An exact copy of every record is the required answer.

• **Data listing**:
┄┄┄┄┄┄

(* Let $E$ be a Banach space, $T\colon\ell^1\to E$ a continuous linear operator with $T(e_n)\neq0$ for all $n$, and $p>1$. The following are equivalent: (a) $T$ admits a continuous linear extension $S\colon\ell^p\to E$ (i.e. $T$ is $\frac1p$-th power factorable with a continuous extension); (b) $\ell^p\subset\ell^1(m_T)$; (c) $\ell^1\subset\ell^{1/p}(m_T)\cap\ell^1(m_T)$; (d) there exists $C>0$ such that $\big\|\sum_{j\in F}x_jT(e_j)\big\|_E\le C\big(\sum_{j\in F}x_j^p\big)^{1/p}$ for all finite $F\subset\mathbb N$ and all $(x_j)_{j\in F}\subset[0,\infty)$.
   Context: $e_n=\chi_{\{n\}}$; $\ell^0$ is the space of all real sequences, $\mathcal P_F(\mathbb N)$ the $\delta$-ring of finite subsets of $\mathbb N$ (its local $\sigma$-algebra is $\mathcal P(\mathbb N)$). $m_T\colon\mathcal P_F(\mathbb N)\to E$, $m_T(A)=T(\chi_A)=\sum_{j\in A}T(e_j)$, is a vector measure; since $T(e_n)\ne0$, its only null set is $\emptyset$. For $x^*\in E^*$, $|x^*m_T|$ is the variation measure of $x^*\circ m_T$ on $\mathcal P(\mathbb N)$. $\ell^1(m_T)$ is the set of sequences $x\in\ell^0$ with $x\in L^1(|x^*m_T|)$ for every $x^*\in E^*$ and such that for each $A\subset\mathbb N$ there is $\int_Ax\,dm_T\in E$ with $x^*(\int_Ax\,dm_T)=\int_Ax\,dx^*m_T$ for all $x^*$; it is normed by $\sup_{x^*\in B_{E^*}}\int|x|\,d|x^*m_T|$. For $r\in(0,\infty)$, $\ell^r(m_T)=\{x\in\ell^0:|x|^r\in\ell^1(m_T)\}$. *)

theory Defs
  imports "HOL-Analysis.Analysis"
begin

definition unitvec :: "nat \<Rightarrow> nat \<Rightarrow> real" where
  "unitvec n = (\<lambda>k. if k = n then 1 else 0)"

definition ell :: "real \<Rightarrow> (nat \<Rightarrow> real) set" where
  "ell r = {x. summable (\<lambda>n. \<bar>x n\<bar> powr r)}"

definition ell_norm :: "real \<Rightarrow> (nat \<Rightarrow> real) \<Rightarrow> real" where
  "ell_norm r x = (\<Sum>n. \<bar>x n\<bar> powr r) powr (1 / r)"

definition cont_lin_op_on_ell :: "real \<Rightarrow> ((nat \<Rightarrow> real) \<Rightarrow> 'e::real_normed_vector) \<Rightarrow> bool" where
  "cont_lin_op_on_ell r T \<longleftrightarrow>
     (\<forall>x\<in>ell r. \<forall>y\<in>ell r. T (\<lambda>n. x n + y n) = T x + T y) \<and>
     (\<forall>c. \<forall>x\<in>ell r. T (\<lambda>n. c * x n) = c *\<^sub>R T x) \<and>
     (\<exists>K. \<forall>x\<in>ell r. norm (T x) \<le> K * ell_norm r x)"

text \<open>ell^1(m_T): m_T(A) = sum over j in A of T(e_j); for x^* in E^*, the variation
  measure |x^* m_T| on P(N) is A |-> sum over j in A of |x^*(T e_j)|, and
  the integral of x over A w.r.t. x^* m_T is sum over j in A of x_j x^*(T e_j).\<close>
definition ell1_mT :: "((nat \<Rightarrow> real) \<Rightarrow> 'e::real_normed_vector) \<Rightarrow> (nat \<Rightarrow> real) \<Rightarrow> bool" where
  "ell1_mT T x \<longleftrightarrow>
     (\<forall>f :: 'e \<Rightarrow> real. bounded_linear f \<longrightarrow>
         summable (\<lambda>j. \<bar>x j\<bar> * \<bar>f (T (unitvec j))\<bar>)) \<and>
     (\<forall>A :: nat set. \<exists>v :: 'e. \<forall>f :: 'e \<Rightarrow> real. bounded_linear f \<longrightarrow>
         f v = (\<Sum>j. if j \<in> A then x j * f (T (unitvec j)) else 0))"

definition ellr_mT :: "real \<Rightarrow> ((nat \<Rightarrow> real) \<Rightarrow> 'e::real_normed_vector) \<Rightarrow> (nat \<Rightarrow> real) \<Rightarrow> bool" where
  "ellr_mT r T x \<longleftrightarrow> ell1_mT T (\<lambda>j. \<bar>x j\<bar> powr r)"

end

┄┄┄┄┄┄

• **Task response**:
(* Let $E$ be a Banach space, $T\colon\ell^1\to E$ a continuous linear operator with $T(e_n)\neq0$ for all $n$, and $p>1$. The following are equivalent: (a) $T$ admits a continuous linear extension $S\colon\ell^p\to E$ (i.e. $T$ is $\frac1p$-th power factorable with a continuous extension); (b) $\ell^p\subset\ell^1(m_T)$; (c) $\ell^1\subset\ell^{1/p}(m_T)\cap\ell^1(m_T)$; (d) there exists $C>0$ such that $\big\|\sum_{j\in F}x_jT(e_j)\big\|_E\le C\big(\sum_{j\in F}x_j^p\big)^{1/p}$ for all finite $F\subset\mathbb N$ and all $(x_j)_{j\in F}\subset[0,\infty)$.
   Context: $e_n=\chi_{\{n\}}$; $\ell^0$ is the space of all real sequences, $\mathcal P_F(\mathbb N)$ the $\delta$-ring of finite subsets of $\mathbb N$ (its local $\sigma$-algebra is $\mathcal P(\mathbb N)$). $m_T\colon\mathcal P_F(\mathbb N)\to E$, $m_T(A)=T(\chi_A)=\sum_{j\in A}T(e_j)$, is a vector measure; since $T(e_n)\ne0$, its only null set is $\emptyset$. For $x^*\in E^*$, $|x^*m_T|$ is the variation measure of $x^*\circ m_T$ on $\mathcal P(\mathbb N)$. $\ell^1(m_T)$ is the set of sequences $x\in\ell^0$ with $x\in L^1(|x^*m_T|)$ for every $x^*\in E^*$ and such that for each $A\subset\mathbb N$ there is $\int_Ax\,dm_T\in E$ with $x^*(\int_Ax\,dm_T)=\int_Ax\,dx^*m_T$ for all $x^*$; it is normed by $\sup_{x^*\in B_{E^*}}\int|x|\,d|x^*m_T|$. For $r\in(0,\infty)$, $\ell^r(m_T)=\{x\in\ell^0:|x|^r\in\ell^1(m_T)\}$. *)

theory Defs
  imports "HOL-Analysis.Analysis"
begin

definition unitvec :: "nat \<Rightarrow> nat \<Rightarrow> real" where
  "unitvec n = (\<lambda>k. if k = n then 1 else 0)"

definition ell :: "real \<Rightarrow> (nat \<Rightarrow> real) set" where
  "ell r = {x. summable (\<lambda>n. \<bar>x n\<bar> powr r)}"

definition ell_norm :: "real \<Rightarrow> (nat \<Rightarrow> real) \<Rightarrow> real" where
  "ell_norm r x = (\<Sum>n. \<bar>x n\<bar> powr r) powr (1 / r)"

definition cont_lin_op_on_ell :: "real \<Rightarrow> ((nat \<Rightarrow> real) \<Rightarrow> 'e::real_normed_vector) \<Rightarrow> bool" where
  "cont_lin_op_on_ell r T \<longleftrightarrow>
     (\<forall>x\<in>ell r. \<forall>y\<in>ell r. T (\<lambda>n. x n + y n) = T x + T y) \<and>
     (\<forall>c. \<forall>x\<in>ell r. T (\<lambda>n. c * x n) = c *\<^sub>R T x) \<and>
     (\<exists>K. \<forall>x\<in>ell r. norm (T x) \<le> K * ell_norm r x)"

text \<open>ell^1(m_T): m_T(A) = sum over j in A of T(e_j); for x^* in E^*, the variation
  measure |x^* m_T| on P(N) is A |-> sum over j in A of |x^*(T e_j)|, and
  the integral of x over A w.r.t. x^* m_T is sum over j in A of x_j x^*(T e_j).\<close>
definition ell1_mT :: "((nat \<Rightarrow> real) \<Rightarrow> 'e::real_normed_vector) \<Rightarrow> (nat \<Rightarrow> real) \<Rightarrow> bool" where
  "ell1_mT T x \<longleftrightarrow>
     (\<forall>f :: 'e \<Rightarrow> real. bounded_linear f \<longrightarrow>
         summable (\<lambda>j. \<bar>x j\<bar> * \<bar>f (T (unitvec j))\<bar>)) \<and>
     (\<forall>A :: nat set. \<exists>v :: 'e. \<forall>f :: 'e \<Rightarrow> real. bounded_linear f \<longrightarrow>
         f v = (\<Sum>j. if j \<in> A then x j * f (T (unitvec j)) else 0))"

definition ellr_mT :: "real \<Rightarrow> ((nat \<Rightarrow> real) \<Rightarrow> 'e::real_normed_vector) \<Rightarrow> (nat \<Rightarrow> real) \<Rightarrow> bool" where
  "ellr_mT r T x \<longleftrightarrow> ell1_mT T (\<lambda>j. \<bar>x j\<bar> powr r)"

end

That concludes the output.